Lines from the first one down to the one containing "by (simp add: minus_mseries_def)" in the data below are the only ones needed; please return them exactly, both ends included.
+++ Excerpted data
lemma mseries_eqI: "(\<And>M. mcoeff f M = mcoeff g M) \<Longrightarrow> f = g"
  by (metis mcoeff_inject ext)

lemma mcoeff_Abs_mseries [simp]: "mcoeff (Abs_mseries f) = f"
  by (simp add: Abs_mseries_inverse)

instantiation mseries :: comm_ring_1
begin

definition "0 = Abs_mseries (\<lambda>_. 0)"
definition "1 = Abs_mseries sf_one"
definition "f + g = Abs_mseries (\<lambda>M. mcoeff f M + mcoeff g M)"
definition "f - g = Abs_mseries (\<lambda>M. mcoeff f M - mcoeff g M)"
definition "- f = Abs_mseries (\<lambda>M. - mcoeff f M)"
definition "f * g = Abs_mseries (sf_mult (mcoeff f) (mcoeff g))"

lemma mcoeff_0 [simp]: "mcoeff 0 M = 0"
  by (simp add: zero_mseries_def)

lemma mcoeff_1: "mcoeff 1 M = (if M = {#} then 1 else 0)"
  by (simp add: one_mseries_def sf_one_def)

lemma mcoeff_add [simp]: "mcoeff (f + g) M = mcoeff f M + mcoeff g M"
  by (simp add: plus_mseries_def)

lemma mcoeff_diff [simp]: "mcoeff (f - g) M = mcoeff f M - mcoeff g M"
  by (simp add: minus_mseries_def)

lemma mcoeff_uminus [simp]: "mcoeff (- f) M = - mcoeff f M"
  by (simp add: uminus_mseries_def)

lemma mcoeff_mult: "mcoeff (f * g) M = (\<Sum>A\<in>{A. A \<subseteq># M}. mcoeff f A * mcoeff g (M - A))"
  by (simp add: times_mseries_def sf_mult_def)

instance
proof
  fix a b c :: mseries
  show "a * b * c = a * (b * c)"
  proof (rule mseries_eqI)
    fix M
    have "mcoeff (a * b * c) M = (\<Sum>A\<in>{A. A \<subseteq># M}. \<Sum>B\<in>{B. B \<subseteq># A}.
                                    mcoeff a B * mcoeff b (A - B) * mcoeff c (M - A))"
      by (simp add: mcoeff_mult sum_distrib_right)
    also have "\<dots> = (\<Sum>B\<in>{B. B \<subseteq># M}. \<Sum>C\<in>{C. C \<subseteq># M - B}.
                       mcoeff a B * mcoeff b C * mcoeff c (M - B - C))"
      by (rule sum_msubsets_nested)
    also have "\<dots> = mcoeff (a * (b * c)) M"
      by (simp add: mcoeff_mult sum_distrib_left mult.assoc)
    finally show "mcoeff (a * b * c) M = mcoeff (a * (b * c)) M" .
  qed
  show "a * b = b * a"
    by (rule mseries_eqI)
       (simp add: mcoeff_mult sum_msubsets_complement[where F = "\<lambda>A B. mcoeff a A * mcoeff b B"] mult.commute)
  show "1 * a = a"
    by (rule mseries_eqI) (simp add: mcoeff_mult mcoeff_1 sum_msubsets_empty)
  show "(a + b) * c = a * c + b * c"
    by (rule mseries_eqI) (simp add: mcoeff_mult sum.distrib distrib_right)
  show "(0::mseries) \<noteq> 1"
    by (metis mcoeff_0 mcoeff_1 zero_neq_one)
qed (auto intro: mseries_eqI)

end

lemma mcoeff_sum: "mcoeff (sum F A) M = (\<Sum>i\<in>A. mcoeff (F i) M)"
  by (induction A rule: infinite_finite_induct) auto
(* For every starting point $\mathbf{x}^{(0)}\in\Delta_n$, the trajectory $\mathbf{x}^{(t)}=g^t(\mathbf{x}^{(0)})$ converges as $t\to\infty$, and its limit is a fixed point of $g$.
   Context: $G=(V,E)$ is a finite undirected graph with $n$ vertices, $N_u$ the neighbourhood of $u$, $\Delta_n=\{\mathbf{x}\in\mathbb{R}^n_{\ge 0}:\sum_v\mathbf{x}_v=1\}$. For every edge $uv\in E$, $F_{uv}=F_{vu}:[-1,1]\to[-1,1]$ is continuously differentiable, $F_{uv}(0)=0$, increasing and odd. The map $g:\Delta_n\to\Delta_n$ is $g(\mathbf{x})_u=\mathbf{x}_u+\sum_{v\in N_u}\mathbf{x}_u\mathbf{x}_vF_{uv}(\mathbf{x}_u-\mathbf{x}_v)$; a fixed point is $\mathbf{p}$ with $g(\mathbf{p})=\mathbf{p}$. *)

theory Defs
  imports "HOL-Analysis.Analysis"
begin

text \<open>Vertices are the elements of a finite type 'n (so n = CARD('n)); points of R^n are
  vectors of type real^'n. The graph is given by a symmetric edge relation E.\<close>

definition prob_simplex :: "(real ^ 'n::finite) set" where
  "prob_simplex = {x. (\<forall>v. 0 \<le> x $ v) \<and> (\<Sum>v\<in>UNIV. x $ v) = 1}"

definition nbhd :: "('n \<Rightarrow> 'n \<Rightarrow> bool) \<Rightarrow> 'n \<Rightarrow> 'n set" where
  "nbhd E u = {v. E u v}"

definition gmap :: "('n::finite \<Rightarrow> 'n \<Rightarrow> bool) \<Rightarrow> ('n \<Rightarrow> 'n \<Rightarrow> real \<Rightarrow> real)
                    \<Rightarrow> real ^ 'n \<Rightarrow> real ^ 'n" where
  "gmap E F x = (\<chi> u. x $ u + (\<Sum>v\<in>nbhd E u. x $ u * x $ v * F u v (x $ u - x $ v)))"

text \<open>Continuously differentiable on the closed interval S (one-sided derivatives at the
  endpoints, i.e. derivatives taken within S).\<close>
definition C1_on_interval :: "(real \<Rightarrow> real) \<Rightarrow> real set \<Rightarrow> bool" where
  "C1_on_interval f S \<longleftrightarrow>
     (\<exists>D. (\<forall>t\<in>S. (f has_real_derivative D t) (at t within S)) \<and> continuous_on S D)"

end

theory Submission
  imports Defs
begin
++++++
● Result for this exercise:
lemma mseries_eqI: "(\<And>M. mcoeff f M = mcoeff g M) \<Longrightarrow> f = g"
  by (metis mcoeff_inject ext)

lemma mcoeff_Abs_mseries [simp]: "mcoeff (Abs_mseries f) = f"
  by (simp add: Abs_mseries_inverse)

instantiation mseries :: comm_ring_1
begin

definition "0 = Abs_mseries (\<lambda>_. 0)"
definition "1 = Abs_mseries sf_one"
definition "f + g = Abs_mseries (\<lambda>M. mcoeff f M + mcoeff g M)"
definition "f - g = Abs_mseries (\<lambda>M. mcoeff f M - mcoeff g M)"
definition "- f = Abs_mseries (\<lambda>M. - mcoeff f M)"
definition "f * g = Abs_mseries (sf_mult (mcoeff f) (mcoeff g))"

lemma mcoeff_0 [simp]: "mcoeff 0 M = 0"
  by (simp add: zero_mseries_def)

lemma mcoeff_1: "mcoeff 1 M = (if M = {#} then 1 else 0)"
  by (simp add: one_mseries_def sf_one_def)

lemma mcoeff_add [simp]: "mcoeff (f + g) M = mcoeff f M + mcoeff g M"
  by (simp add: plus_mseries_def)

lemma mcoeff_diff [simp]: "mcoeff (f - g) M = mcoeff f M - mcoeff g M"
  by (simp add: minus_mseries_def)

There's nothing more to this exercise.